Written in the Stars

Written in the Stars

Written in the Stars

Today marks what would have been my mother and father’s 72nd anniversary.  Talk about a love story!  They met acting in summer stock at the Boothbay Playhouse in Maine.  As Dad put it in his memoir, Any Way I Can; 50 Years in Show Business:

“My third summer at the Playhouse required the usual mundane chores before the season began.  One morning, while painting a garage door on a ladder in my ragged old yellow terry cloth robe, a car appeared in the driveway.  Out of it stepped a knockout blonde ingénue, Barbara Meyer.  Her parents had driven her up from New Jersey to be certain it was a safe environment for their daughter.  Having already seen her black and white publicity photo hung on a wagon wheel in the lobby, I eagerly awaited her arrival.  She glanced briefly at me and assumed I was a maintenance worker.”

Together they starred in many plays that summer and the next, and married on May 7, 1949.  But Ozzie, my mother’s father, and his friends had some reservations: 

“In the men’s room at the reception, one of Ozzie’s friends actually came up alongside me at the urinal and asked, ‘How do you intend to support Barbara?’  It really floored me.  Together, Bobbie and I had saved a few hundred dollars.  I don’t remember what I muttered in response, but I thought the question on this night, on this occasion, at this place, was insensitive.  The truth is all of her family’s friends were concerned that Bobbie was marrying an actor.  The poor girl.  God, what a terrible thing to have happened.”

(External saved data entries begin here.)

(* Write c for the constant function with value c on (0,1] and 1_(a,1] for the
   indicator step of (a,1].  Continuity, monotonicity and completeness give every \<Phi> in Q_b a
   certainty equivalent ce \<Phi>, a constant indifferent to \<Phi> (the two closed contour sets of \<Phi> in
   the constants cover the connected real line).  If some constant is strictly preferred to another,
   dual independence makes the order on constants strict, so ce is unique, represents the
   preference, and is affine under mixtures, hence additive and positively homogeneous; continuity
   makes ce L1-continuous.  The weight is w a = 1 - ce 1_(a,1]: nondecreasing, continuous,
   0 on (-\<infinity>,0] and 1 on [1,\<infinity>).  For the Lebesgue-Stieltjes measure of w, ce and the integral
   agree on nonnegative combinations of steps plus a constant; every \<Phi> in Q_b is, by left
   continuity, the pointwise and L1 limit of bounded such "staircases", so dominated convergence
   gives ce = integral on all of Q_b.  If all constants are indifferent, so is everything, and w = 0. *)


definition const_fn :: "real \<Rightarrow> real \<Rightarrow> real" where
  "const_fn c = (\<lambda>p. if p \<in> {0<..1} then c else 0)"

definition step_fn :: "real \<Rightarrow> real \<Rightarrow> real" where
  "step_fn a = (\<lambda>p. if p \<in> {0<..1} \<and> a < p then 1 else 0)"

definition mix :: "real \<Rightarrow> (real \<Rightarrow> real) \<Rightarrow> (real \<Rightarrow> real) \<Rightarrow> real \<Rightarrow> real" where
  "mix \<alpha> f g = (\<lambda>p. \<alpha> * f p + (1 - \<alpha>) * g p)"

lemma QbI:
  assumes "\<And>p. p \<in> {0<..1} \<Longrightarrow> \<bar>f p\<bar> \<le> B"
    and "\<And>x y. x \<in> {0<..1} \<Longrightarrow> y \<in> {0<..1} \<Longrightarrow> x \<le> y \<Longrightarrow> f x \<le> f y"
    and "\<And>p. p \<in> {0<..1} \<Longrightarrow> (f \<longlongrightarrow> f p) (at_left p)"
    and "\<And>p. p \<notin> {0<..1} \<Longrightarrow> f p = 0"
  shows "f \<in> Qb"
proof -
  have "bounded (f ` {0<..1})" unfolding bounded_iff using assms(1) by (intro exI[of _ B]) auto
  then show ?thesis unfolding Qb_def using assms by (auto simp: mono_on_def)
qed

(* The bound in QbD(1) is global and nonnegative since members of Q_b vanish outside (0,1]. *)
lemma QbD:
  assumes "f \<in> Qb"
  shows "\<exists>B\<ge>0. \<forall>p. \<bar>f p\<bar> \<le> B"
    and "\<And>x y. x \<in> {0<..1} \<Longrightarrow> y \<in> {0<..1} \<Longrightarrow> x \<le> y \<Longrightarrow> f x \<le> f y"
    and "\<And>p. p \<in> {0<..1} \<Longrightarrow> (f \<longlongrightarrow> f p) (at_left p)"
    and "\<And>p. p \<notin> {0<..1} \<Longrightarrow> f p = 0"
proof -
  from assms obtain B where B: "\<forall>p\<in>{0<..1}. \<bar>f p\<bar> \<le> B"
    unfolding Qb_def bounded_iff by auto
  have "\<bar>f p\<bar> \<le> max B 0" for p
    using B assms unfolding Qb_def by (cases "p \<in> {0<..1}") (fastforce, auto)
  then show "\<exists>B\<ge>0. \<forall>p. \<bar>f p\<bar> \<le> B" by (intro exI[of _ "max B 0"]) auto
qed (use assms in \<open>auto simp: Qb_def mono_on_def\<close>)

lemma const_fn_Qb: "const_fn c \<in> Qb"
  by (rule QbI[where B="\<bar>c\<bar>"])
    (auto simp: const_fn_def intro!: tendsto_eventually eventually_at_leftI[where a=0])

lemma step_fn_Qb: "step_fn a \<in> Qb"
proof (rule QbI[where B=1])
  fix p :: real assume p: "p \<in> {0<..1}"
  have "eventually (\<lambda>x. step_fn a x = step_fn a p) (at_left p)"
    using p by (intro eventually_at_leftI[where a="if a < p then max a 0 else 0"])
      (auto simp: step_fn_def split: if_splits)
  then show "(step_fn a \<longlongrightarrow> step_fn a p) (at_left p)" by (rule tendsto_eventually)
qed (auto simp: step_fn_def)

After cutting their honeymoon short for my mother’s appearance on a television show, John and Bobbie continued to audition and cross their fingers.  It wasn’t long before their dreams came true: 

“Harvey Marlowe, the man who saw our audition in New York, called to say WOR, Channel 9, had signed us to do a domestic comedy in the fall.  They wanted a fifteen minute show, five nights a week.  ‘Who will write them?’ I asked.

‘You will.’

Fifteen minutes?  Five nights a week?  All we had was the ten minute audition sketch.  Impossible.  And I’m not really a writer.  I called Harvey Marlowe immediately.

‘We’re thrilled with the offer.’”

After a few years on television with many scripts under his belt, Dad started getting writing jobs, which replaced acting as a means of support.  Eventually, a lucrative Hollywood offer brought my parents out to California.  Dad wrote the film, “Run Silent, Run Deep,” and his career turned into solid gold.  Mom left acting to have me, then my brother, Larry, and then my sister, Liz.  But as soon as we were all off to college, she went back to the stage, performing at the Nine O’Clock Players children’s theater in Hollywood. 

Through it all, Mom and Dad held on to each other as soulmates.  They believed their stars were meant to collide.  On their anniversary, I step out into the clear, dark night and feel their love for each other illuminate the sky.